Le rédacteur Ibrahim Ali Saïd Félix et le caméraman Ismaël Kassim de Djabal Télévision, une chaîne privée basée dans la principale île volcanique de la Grande-Comore, n’ont pas pu embarquer pour un vol à destination d’Anjouan, car les agences de voyages avaient refusé de leur vendre des billets avant lundi, a déclaré le directeur de Djabal Télévision, Mmadi Moindjié, au CPJ. Moindjié et Félix prétendent que Comores Aviation et Air Service Comores, deux agences de voyages privées qui assurent en exclusivité les transports inter-îles depuis la capitale Moroni, ont lié cette décision à la pression du gouvernement en relation avec les reportages de Djabal Télévision sur les autorités d’Anjouan.

Djabal TV était le seul média à couvrir l’actualité d’Anjouan sur place, depuis que le colonel Mohamed Bacar s’est autoproclamé président en juin à la suite d’élections non reconnues par le gouvernement de l’Union des Comores, ont déclaré des journalistes locaux au CPJ. Les reportages de la chaîne ont été dominés par des interviews quotidiennes des leaders d’Anjouan et des personnalités de l’opposition, ont-ils déclaré.

«Toute imputation d’ingérence du gouvernement dans le travail de la presse doit être vigoureusement enquêtée », a déclaré le directeur exécutif du CPJ, Joël Simon.

La police avait déjà arrêté Félix le 14 juillet, le gardant en détention pendant 10 heures à l’aéroport de Moroni, après son retour d’Anjouan où il avait réalisé un reportage. Ils ont interrogé le journaliste sur ses prétendus liens avec les dirigeants d’Anjouan, selon des bulletins d’information.

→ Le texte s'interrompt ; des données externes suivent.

lemma integral_exp_sq:
  fixes lam x :: real
  assumes "lam > 0" "0 \<le> x"
  shows "integral {0..x} (\<lambda>t. (exp (lam * t))\<^sup>2) = (exp (2 * lam * x) - 1) / (2 * lam)"
proof -
  have "((\<lambda>t. (exp (lam * t))\<^sup>2) has_integral
      (exp (2 * lam * x) / (2 * lam) - exp (2 * lam * 0) / (2 * lam))) {0..x}"
  proof (rule fundamental_theorem_of_calculus)
    fix t :: real
    have "((\<lambda>t. exp (2 * lam * t) / (2 * lam)) has_real_derivative
        (exp (2 * lam * t) * (2 * lam) / (2 * lam))) (at t within {0..x})"
      by (auto intro!: derivative_eq_intros)
    moreover have "exp (2 * lam * t) * (2 * lam) / (2 * lam) = (exp (lam * t))\<^sup>2"
      using assms(1) exp_double[of "lam * t"] by (simp add: mult.assoc)
    ultimately show "((\<lambda>t. exp (2 * lam * t) / (2 * lam)) has_vector_derivative (exp (lam * t))\<^sup>2)
        (at t within {0..x})"
      by (simp add: has_real_derivative_iff_has_vector_derivative)
  qed (use assms in auto)
  then show ?thesis
    by (simp add: integral_unique diff_divide_distrib)
qed

lemma d1_increment_sq_le:
  assumes d: "is_d2 b q g" and x: "x \<in> {0..b}"
  shows "(d1 b q x - d1 b q 0)\<^sup>2
    \<le> integral {0..x} (\<lambda>t. (g t)\<^sup>2 * weight lam t) * integral {0..x} (\<lambda>t. (exp (lam * t))\<^sup>2)"
proof -
  have b: "0 \<le> b" and sub: "{0..x} \<subseteq> {0..b}" using x by auto
  have g: "square_integrable {0..b} g" "g integrable_on {0..x}"
    using is_d2_square_integrable[OF d b] integrable_on_subinterval[OF is_d2_integrable[OF d b] sub]
    by auto
  have split: "exp (- lam * t) * g t * exp (lam * t) = g t" for t
    by (simp add: exp_minus field_simps)
  have "d1 b q x - d1 b q 0 = integral {0..x} (\<lambda>t. (exp (- lam * t) * g t) * exp (lam * t))"
    unfolding split using d1_eq_integral[OF d x] by simp
  moreover have "(integral {0..x} (\<lambda>t. (exp (- lam * t) * g t) * exp (lam * t)))\<^sup>2
      \<le> integral {0..x} (\<lambda>t. (exp (- lam * t) * g t)\<^sup>2) * integral {0..x} (\<lambda>t. (exp (lam * t))\<^sup>2)"
  proof (rule integral_mult_sq_le)
    have "square_integrable {0..b} (\<lambda>t. exp (- lam * t) * g t)"
      by (rule square_integrable_mult_continuous[OF g(1)]) (intro continuous_intros)
    then show "(\<lambda>t. (exp (- lam * t) * g t)\<^sup>2) integrable_on {0..x}"
      using integrable_on_subinterval[OF square_integrable_integrable_sq sub] by blast
    show "(\<lambda>t. (exp (lam * t))\<^sup>2) integrable_on {0..x}"
      by (intro integrable_continuous_interval continuous_intros)
    show "(\<lambda>t. exp (- lam * t) * g t * exp (lam * t)) integrable_on {0..x}"
      unfolding split by (rule g(2))
  qed
  moreover have "integral {0..x} (\<lambda>t. (exp (- lam * t) * g t)\<^sup>2)
      = integral {0..x} (\<lambda>t. (g t)\<^sup>2 * weight lam t)"
    by (simp add: weight_def power_mult_distrib mult.commute)
  ultimately show ?thesis by simp
qed
lemma Rel_members:
  "comm (acomm (Bg xi i) (Bg eta j)) (Bg ep l)
     - (rel_coeff ep eta j l * Bg xi i + rel_coeff ep xi i l * Bg eta j) \<in> Rel"
  "Kg s * Kg (sneg s) - 1 \<in> Rel"
  "acomm (Kg s) (Bg t i) \<in> Rel"
proof -
  show "comm (acomm (Bg xi i) (Bg eta j)) (Bg ep l)
     - (rel_coeff ep eta j l * Bg xi i + rel_coeff ep xi i l * Bg eta j) \<in> Rel"
    unfolding Rel_def smul_rel_coeff[symmetric] by blast
  show "Kg s * Kg (sneg s) - 1 \<in> Rel"
    by (cases s) (simp_all add: Rel_def)
  show "acomm (Kg s) (Bg t i) \<in> Rel"
    unfolding Rel_def by blast
qed

locale free_hom =
  fixes \<phi> :: "F \<Rightarrow> 'a::{ring,monoid_mult}"
  assumes hom_add: "\<phi> (x + y) = \<phi> x + \<phi> y"
    and hom_mult: "\<phi> (x * y) = \<phi> x * \<phi> y"
    and hom_one: "\<phi> 1 = 1"
begin

lemma hom_zero: "\<phi> 0 = 0"
  using hom_add[of 0 0] by simp

lemma hom_diff: "\<phi> (x - y) = \<phi> x - \<phi> y"
  using hom_add[of "x - y" y] by (simp add: algebra_simps)

lemma hom_uminus: "\<phi> (- x) = - \<phi> x"
  using hom_diff[of 0 x] by (simp add: hom_zero)

lemma hom_comm: "\<phi> (comm x y) = comm (\<phi> x) (\<phi> y)"
  by (simp add: comm_def hom_diff hom_mult)

lemma hom_acomm: "\<phi> (acomm x y) = acomm (\<phi> x) (\<phi> y)"
  by (simp add: acomm_def hom_add hom_mult)

lemma hom_rel_coeff: "\<phi> (rel_coeff ep eta j l) = rel_coeff ep eta j l"
  by (simp only: rel_coeff_def if_distrib[of \<phi>] hom_zero hom_one hom_add hom_uminus)

lemma Rel_vanish_iff: "(\<forall>r\<in>Rel. \<phi> r = 0) \<longleftrightarrow> pbk_relations (\<lambda>s i. \<phi> (Bg s i)) (\<lambda>s. \<phi> (Kg s))"
proof
  assume vanish: "\<forall>r\<in>Rel. \<phi> r = 0"
  have "\<phi> (comm (acomm (Bg xi i) (Bg eta j)) (Bg ep l)
      - (rel_coeff ep eta j l * Bg xi i + rel_coeff ep xi i l * Bg eta j)) = 0"
    and "\<phi> (Kg s * Kg (sneg s) - 1) = 0" and "\<phi> (acomm (Kg s) (Bg t i)) = 0"
    for xi eta ep i j l s t
    using vanish Rel_members by blast+
  then have "comm (acomm (\<phi> (Bg xi i)) (\<phi> (Bg eta j))) (\<phi> (Bg ep l))
      = rel_coeff ep eta j l * \<phi> (Bg xi i) + rel_coeff ep xi i l * \<phi> (Bg eta j)"
    and "\<phi> (Kg s) * \<phi> (Kg (sneg s)) = 1" and "acomm (\<phi> (Kg s)) (\<phi> (Bg t i)) = 0"
    for xi eta ep i j l s t
    by (simp_all only: hom_diff hom_add hom_mult hom_comm hom_acomm hom_rel_coeff hom_one right_minus_eq)
  then show "pbk_relations (\<lambda>s i. \<phi> (Bg s i)) (\<lambda>s. \<phi> (Kg s))"
    unfolding pbk_relations_def using sneg.simps by metis
next
  assume "pbk_relations (\<lambda>s i. \<phi> (Bg s i)) (\<lambda>s. \<phi> (Kg s))"
  then show "\<forall>r\<in>Rel. \<phi> r = 0"
    unfolding Rel_def pbk_relations_def
    by (auto simp: hom_diff hom_add hom_mult hom_one hom_comm hom_acomm smul_rel_coeff hom_rel_coeff)
qed

end

locale free_antihom =
  fixes \<phi> :: "F \<Rightarrow> 'a::{ring,monoid_mult}"
  assumes antihom_add: "\<phi> (x + y) = \<phi> x + \<phi> y"
    and antihom_mult: "\<phi> (x * y) = \<phi> y * \<phi> x"
    and antihom_one: "\<phi> 1 = 1"
begin

lemma antihom_zero: "\<phi> 0 = 0"
  using antihom_add[of 0 0] by simp

lemma antihom_diff: "\<phi> (x - y) = \<phi> x - \<phi> y"
  using antihom_add[of "x - y" y] by (simp add: algebra_simps)

lemma antihom_uminus: "\<phi> (- x) = - \<phi> x"
  using antihom_diff[of 0 x] by (simp add: antihom_zero)

lemma antihom_rel_coeff: "\<phi> (rel_coeff ep eta j l) = rel_coeff ep eta j l"
  by (simp only: rel_coeff_def if_distrib[of \<phi>] antihom_zero antihom_one antihom_add antihom_uminus)

lemma Rel_vanish: "pbk_relations_op (\<lambda>s i. \<phi> (Bg s i)) (\<lambda>s. \<phi> (Kg s)) \<Longrightarrow> r \<in> Rel \<Longrightarrow> \<phi> r = 0"
  by (auto simp: Rel_def pbk_relations_op_def comm_def acomm_def antihom_diff antihom_add antihom_mult
      antihom_one smul_rel_coeff antihom_rel_coeff rel_coeff_commute add.commute)

end

section \<open>Descent to the quotient\<close>

lemma I1_zero [simp]: "0 \<in> I1"
  by (simp add: I1_def ideal_gen.zero)

lemma I2_zero [simp]: "0 \<in> I2"
  by (simp add: I2_def ideal_gen.zero)

text \<open>P and P \<otimes> P as types; they only serve as rings in which the relations can be evaluated.\<close>

quotient_type P1 = F / "\<lambda>x y. x - y \<in> I1"
proof (rule equivpI)
  show "reflp (\<lambda>x y. x - y \<in> I1)" by (rule reflpI) simp
  show "symp (\<lambda>x y. x - y \<in> I1)" unfolding I1_def by (rule sympI) (rule ideal_gen_cong_sym)
  show "transp (\<lambda>x y. x - y \<in> I1)" unfolding I1_def by (rule transpI) (rule ideal_gen_cong_trans)
qed

instantiation P1 :: "{ring, monoid_mult}"
begin
lift_definition zero_P1 :: P1 is "0" .
lift_definition one_P1 :: P1 is "1" .
lift_definition plus_P1 :: "P1 \<Rightarrow> P1 \<Rightarrow> P1" is "(+)"
  unfolding I1_def by (rule ideal_gen_cong_add)
lift_definition uminus_P1 :: "P1 \<Rightarrow> P1" is "uminus"
  unfolding I1_def by (rule ideal_gen_cong_uminus)
lift_definition minus_P1 :: "P1 \<Rightarrow> P1 \<Rightarrow> P1" is "(-)"
  unfolding I1_def by (rule ideal_gen_cong_diff)
lift_definition times_P1 :: "P1 \<Rightarrow> P1 \<Rightarrow> P1" is "(*)"
  unfolding I1_def by (rule ideal_gen_cong_mult)
instance
  apply intro_classes
  apply (transfer; simp add: algebra_simps; fail)+
  done
end

lemma abs_P1_eq_0_iff: "abs_P1 x = 0 \<longleftrightarrow> x \<in> I1"
  by (metis P1.abs_eq_iff diff_zero zero_P1.abs_eq)

interpretation P1_quotient: free_hom abs_P1
  by unfold_locales (simp_all add: plus_P1.abs_eq times_P1.abs_eq one_P1.abs_eq)

quotient_type P2 = F2 / "\<lambda>x y. x - y \<in> I2"
proof (rule equivpI)
  show "reflp (\<lambda>x y. x - y \<in> I2)" by (rule reflpI) simp
  show "symp (\<lambda>x y. x - y \<in> I2)" unfolding I2_def by (rule sympI) (rule ideal_gen_cong_sym)
  show "transp (\<lambda>x y. x - y \<in> I2)" unfolding I2_def by (rule transpI) (rule ideal_gen_cong_trans)
qed

instantiation P2 :: "{ring, monoid_mult}"
begin
lift_definition zero_P2 :: P2 is "0" .
lift_definition one_P2 :: P2 is "1" .
lift_definition plus_P2 :: "P2 \<Rightarrow> P2 \<Rightarrow> P2" is "(+)"
  unfolding I2_def by (rule ideal_gen_cong_add)
lift_definition uminus_P2 :: "P2 \<Rightarrow> P2" is "uminus"
  unfolding I2_def by (rule ideal_gen_cong_uminus)
lift_definition minus_P2 :: "P2 \<Rightarrow> P2 \<Rightarrow> P2" is "(-)"
  unfolding I2_def by (rule ideal_gen_cong_diff)
lift_definition times_P2 :: "P2 \<Rightarrow> P2 \<Rightarrow> P2" is "(*)"
  unfolding I2_def by (rule ideal_gen_cong_mult)
instance
  apply intro_classes
  apply (transfer; simp add: algebra_simps; fail)+
  done
end

lemma abs_P2_eq_0_iff: "abs_P2 x = 0 \<longleftrightarrow> x \<in> I2"
  by (metis P2.abs_eq_iff diff_zero zero_P2.abs_eq)

lemma abs_P2_add: "abs_P2 (x + y) = abs_P2 x + abs_P2 y"
  by (simp add: plus_P2.abs_eq)

lemma abs_P2_mult: "abs_P2 (x * y) = abs_P2 x * abs_P2 y"
  by (simp add: times_P2.abs_eq)

lemma pbk_relations_P1: "pbk_relations (\<lambda>s i. abs_P1 (Bg s i)) (\<lambda>s. abs_P1 (Kg s))"
  by (simp flip: P1_quotient.Rel_vanish_iff add: abs_P1_eq_0_iff I1_def ideal_gen.gen)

Dans une interview téléphonique avec le CPJ, le porte-parole du gouvernement des Comores Abdourahim Saïd Bacar a nié toute connaissance personnelle de cette affaire, affirmant que Djabal Télévision pouvait circuler et émettre librement. Mais il a accusé la station, basée à Iconi, au sud-ouest de Moroni, « d’avoir d’une certaine façon incité la population à la haine et à la rébellion en interviewant constamment tous ceux qui sont opposés au gouvernement. »

Le chef  de cabinet de la présidence chargé de la défense nationale, Mohamed Dossar, a également nié ces allégations, mais a accusé la chaîne d’être « la ‘Radio Télévision Libre des Milles Collines’ des Comores »¾citant ainsi la station qui avait incité au génocide rwandais en 1994. Dossar a affirmé que bien que les émissions de la chaîne n’aient causé aucune violence ni morts, elles attisaient « les tensions interinsulaires. »

Situé entre le Mozambique et Madagascar, l’archipel des trois îles des Comores a souffert de 19 coups, ou tentatives de coups d’état, depuis qu’il a acquis son indépendance de la France en 1975. En 1997, Anjouan a fait sécession de l’Union des Comores, mais est retourné à la fédération après un accord en 2001 qui accordait à chaque île son propre gouvernement et son propre président.